To improve training stability, we log-transformed the expression values as log10(TPM + 1). To overcome the problem of most scRNA-seq quantification being at gene level, not transcript level, we mapped the gene expression to accessible regions using the following approach: if a region overlapped with a gene’s TSS, the gene’s expression value was assigned to that region as a label; if a region overlapped with multiple genes’ TSS, the expression values of the corresponding genes were summed, and the sum was used as the label of that region; if a region did not overlap with any TSS, the corresponding expression label was set to 0. If a CPM less than 0.05), we also set the corresponding expression value to 0. Finally, each regulatory element was assigned to an expression target value.

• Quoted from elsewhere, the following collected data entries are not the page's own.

(* Let $(p_{ij})_{i,j\in\{0,1\}}$ be a transition matrix with all $p_{ij}\in(0,1)$, and for $i\in\{0,1\}$, $n\in\mathbb N_0$ let $I_n^i$ be binomially $B(n,p_{i0})$ distributed. Let $(a_i(n))_{n\in\mathbb N_0}$, $(\varepsilon_i(n))_{n\in\mathbb N_0}$, $i\in\{0,1\}$, be real sequences satisfying $$a_i(n)=p_{i0}\mathbb E[a_0(I_n^i)]+p_{i1}\mathbb E[a_1(n-I_n^i)]+\varepsilon_i(n),\qquad i\in\{0,1\},\ n\in\mathbb N.$$ If $\varepsilon_i(n)=O(n^\alpha)$ for some $\alpha\in\mathbb R$ and both $i$, then as $n\to\infty$, $a_i(n)=O(1)$ if $\alpha<0$, $a_i(n)=O(n^\alpha)$ if $\alpha>0$, and $a_i(n)=O(\log n)$ if $\alpha=0$. *)

theory Defs
  imports "HOL-Probability.Probability" "HOL-Library.Landau_Symbols"
begin

end

theory Submission
  imports Defs "HOL-Real_Asymp.Real_Asymp"
begin

text \<open>
  The bounds come from a comparison principle. Write \<open>T\<^sub>P f n = P \<bullet> E f(I) + (1 - P) \<bullet> E f(n - I)\<close>
  with \<open>I ~ B(n, P)\<close>. If \<open>\<phi> \<ge> 0\<close> satisfies the drift condition \<open>T\<^sub>P \<phi> n + \<delta> \<psi> n \<le> \<phi> n\<close> for large \<open>n\<close>
  and \<open>\<bar>\<epsilon>\<^sub>i\<bar> \<le> K \<psi>\<close>, then \<open>\<bar>a\<^sub>i\<bar> \<le> B + (K / \<delta>) \<phi>\<close> by strong induction on \<open>n\<close>: the recursion for
  \<open>a\<^sub>i(n)\<close> contains \<open>a\<^sub>0(n)\<close> and \<open>a\<^sub>1(n)\<close> only with total weight \<open>P\<^sup>n\<^sup>+\<^sup>1 + (1 - P)\<^sup>n\<^sup>+\<^sup>1 < 1\<close>.
  Jensen's inequality supplies the functions \<open>\<phi>\<close>: \<open>(n + 1)\<^sup>\<alpha>\<close> for \<open>\<alpha> > 0\<close>, \<open>log (n + 1)\<close> for \<open>\<alpha> = 0\<close>
  (the drift is asymptotically the entropy of \<open>(P, 1 - P)\<close>) and \<open>1 - (n + 1)\<^sup>\<alpha>\<close> for \<open>\<alpha> < 0\<close>.
\<close>

section \<open>Binomial expectations and Jensen's inequality\<close>

lemma concave_on_powr: "0 \<le> p \<Longrightarrow> p \<le> 1 \<Longrightarrow> concave_on {0<..} (\<lambda>x::real. x powr p)"
  by (intro f''_le0_imp_concave derivative_eq_intros | simp add: mult_le_0_iff)+

lemma convex_on_powr_nonpos: "p \<le> 0 \<Longrightarrow> convex_on {0<..} (\<lambda>x::real. x powr p)"
  by (intro f''_ge0_imp_convex derivative_eq_intros | simp add: zero_le_mult_iff mult_le_0_iff)+

definition binomial_expectation :: "nat \<Rightarrow> real \<Rightarrow> (nat \<Rightarrow> real) \<Rightarrow> real" where
  "binomial_expectation n P f = (\<Sum>k\<le>n. real (n choose k) * P ^ k * (1 - P) ^ (n - k) * f k)"

lemma expectation_binomial_pmf_eq_binomial_expectation:
  "P \<in> {0..1} \<Longrightarrow> measure_pmf.expectation (binomial_pmf n P) f = binomial_expectation n P f"
  by (simp add: expectation_binomial_pmf' binomial_expectation_def)

lemma binomial_weights_sum: "(\<Sum>k\<le>n. real (n choose k) * P ^ k * (1 - P) ^ (n - k)) = 1"
  using binomial_ring[of P "1 - P" n] by simp

lemma binomial_expectation_affine:
  "binomial_expectation n P (\<lambda>k. B + C * f k) = B + C * binomial_expectation n P f"
proof -
  have "binomial_expectation n P (\<lambda>k. B + C * f k)
      = B * (\<Sum>k\<le>n. real (n choose k) * P ^ k * (1 - P) ^ (n - k)) + C * binomial_expectation n P f"
    by (simp add: binomial_expectation_def algebra_simps sum.distrib sum_distrib_left)
  then show ?thesis by (simp only: binomial_weights_sum mult_1_right)
qed

lemma binomial_expectation_mono:
  assumes "0 \<le> P" "P \<le> 1" "\<And>k. k \<le> n \<Longrightarrow> f k \<le> g k"
  shows "binomial_expectation n P f \<le> binomial_expectation n P g"
  unfolding binomial_expectation_def using assms by (intro sum_mono mult_left_mono) auto

lemma binomial_expectation_abs_le:
  assumes "0 \<le> P" "P \<le> 1" "\<And>k. k \<le> n \<Longrightarrow> \<bar>f k\<bar> \<le> g k"
  shows "\<bar>binomial_expectation n P f\<bar> \<le> binomial_expectation n P g"
proof -
  have "\<bar>binomial_expectation n P f\<bar>
      \<le> (\<Sum>k\<le>n. \<bar>real (n choose k) * P ^ k * (1 - P) ^ (n - k) * f k\<bar>)"
    unfolding binomial_expectation_def by (rule sum_abs)
  also have "\<dots> = binomial_expectation n P (\<lambda>k. \<bar>f k\<bar>)"
    using assms(1,2) by (simp add: binomial_expectation_def abs_mult)
  also have "\<dots> \<le> binomial_expectation n P g"
    using assms by (intro binomial_expectation_mono) auto
  finally show ?thesis .
qed

lemma binomial_expectation_fun_upd:
  "binomial_expectation n P (f(n := M)) = binomial_expectation n P f + P ^ n * (M - f n)"
proof -
  have "f(n := M) = (\<lambda>k. f k + (if k = n then M - f n else 0))" by auto
  then have "binomial_expectation n P (f(n := M)) = binomial_expectation n P f
      + (\<Sum>k\<le>n. if k = n then real (n choose k) * P ^ k * (1 - P) ^ (n - k) * (M - f n) else 0)"
    by (simp add: binomial_expectation_def algebra_simps sum.distrib if_distrib[of "(*) _"] cong: if_cong)
  then show ?thesis by simp
qed

lemma binomial_expectation_reflect:
  "binomial_expectation n P (\<lambda>k. f (n - k)) = binomial_expectation n (1 - P) f"
  unfolding binomial_expectation_def
  by (rule sum.reindex_bij_witness[of _ "\<lambda>k. n - k" "\<lambda>k. n - k"])
     (auto simp: binomial_symmetric[symmetric] mult_ac)

lemma binomial_expectation_id: "binomial_expectation n P real = real n * P"
proof (cases n)
  case (Suc m)
  have "binomial_expectation (Suc m) P real
      = (\<Sum>k\<le>m. real (Suc m choose Suc k) * P ^ Suc k * (1 - P) ^ (m - k) * real (Suc k))"
    unfolding binomial_expectation_def by (subst sum.atMost_Suc_shift) simp
  also have "\<dots> = (\<Sum>k\<le>m. real (Suc m) * P * (real (m choose k) * P ^ k * (1 - P) ^ (m - k)))"
  proof (rule sum.cong)
    fix k
    have e: "real (Suc k) * real (Suc m choose Suc k) = real (Suc m) * real (m choose k)"
      using Suc_times_binomial_eq[of m k] by (metis of_nat_mult mult.commute)
    have "real (Suc m choose Suc k) * P ^ Suc k * (1 - P) ^ (m - k) * real (Suc k)
        = (real (Suc k) * real (Suc m choose Suc k)) * (P * (P ^ k * (1 - P) ^ (m - k)))"
      by (simp only: power_Suc mult_ac)
    also have "\<dots> = real (Suc m) * P * (real (m choose k) * P ^ k * (1 - P) ^ (m - k))"
      by (simp only: e mult_ac)
    finally show "real (Suc m choose Suc k) * P ^ Suc k * (1 - P) ^ (m - k) * real (Suc k)
        = real (Suc m) * P * (real (m choose k) * P ^ k * (1 - P) ^ (m - k))" .
  qed simp
  also have "\<dots> = real (Suc m) * P"
    by (simp add: binomial_weights_sum flip: sum_distrib_left)
  finally show ?thesis using Suc by simp
qed (simp add: binomial_expectation_def)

In alignment with the 200 × 283 input matrix, the target input is a 200 × 2 matrix, symbolizing the transcription levels of the corresponding 200 regions across both positive and negative strands.
A model was used to learn regulatory grammar in the GET architecture using chromatin accessibility data from a variety of human cell types. The model was trained on the fetal accessibility and expression atlas and was able to complete in 8 h. It is possible to perform large-scale screening with the help of inference for genes in a single cell type.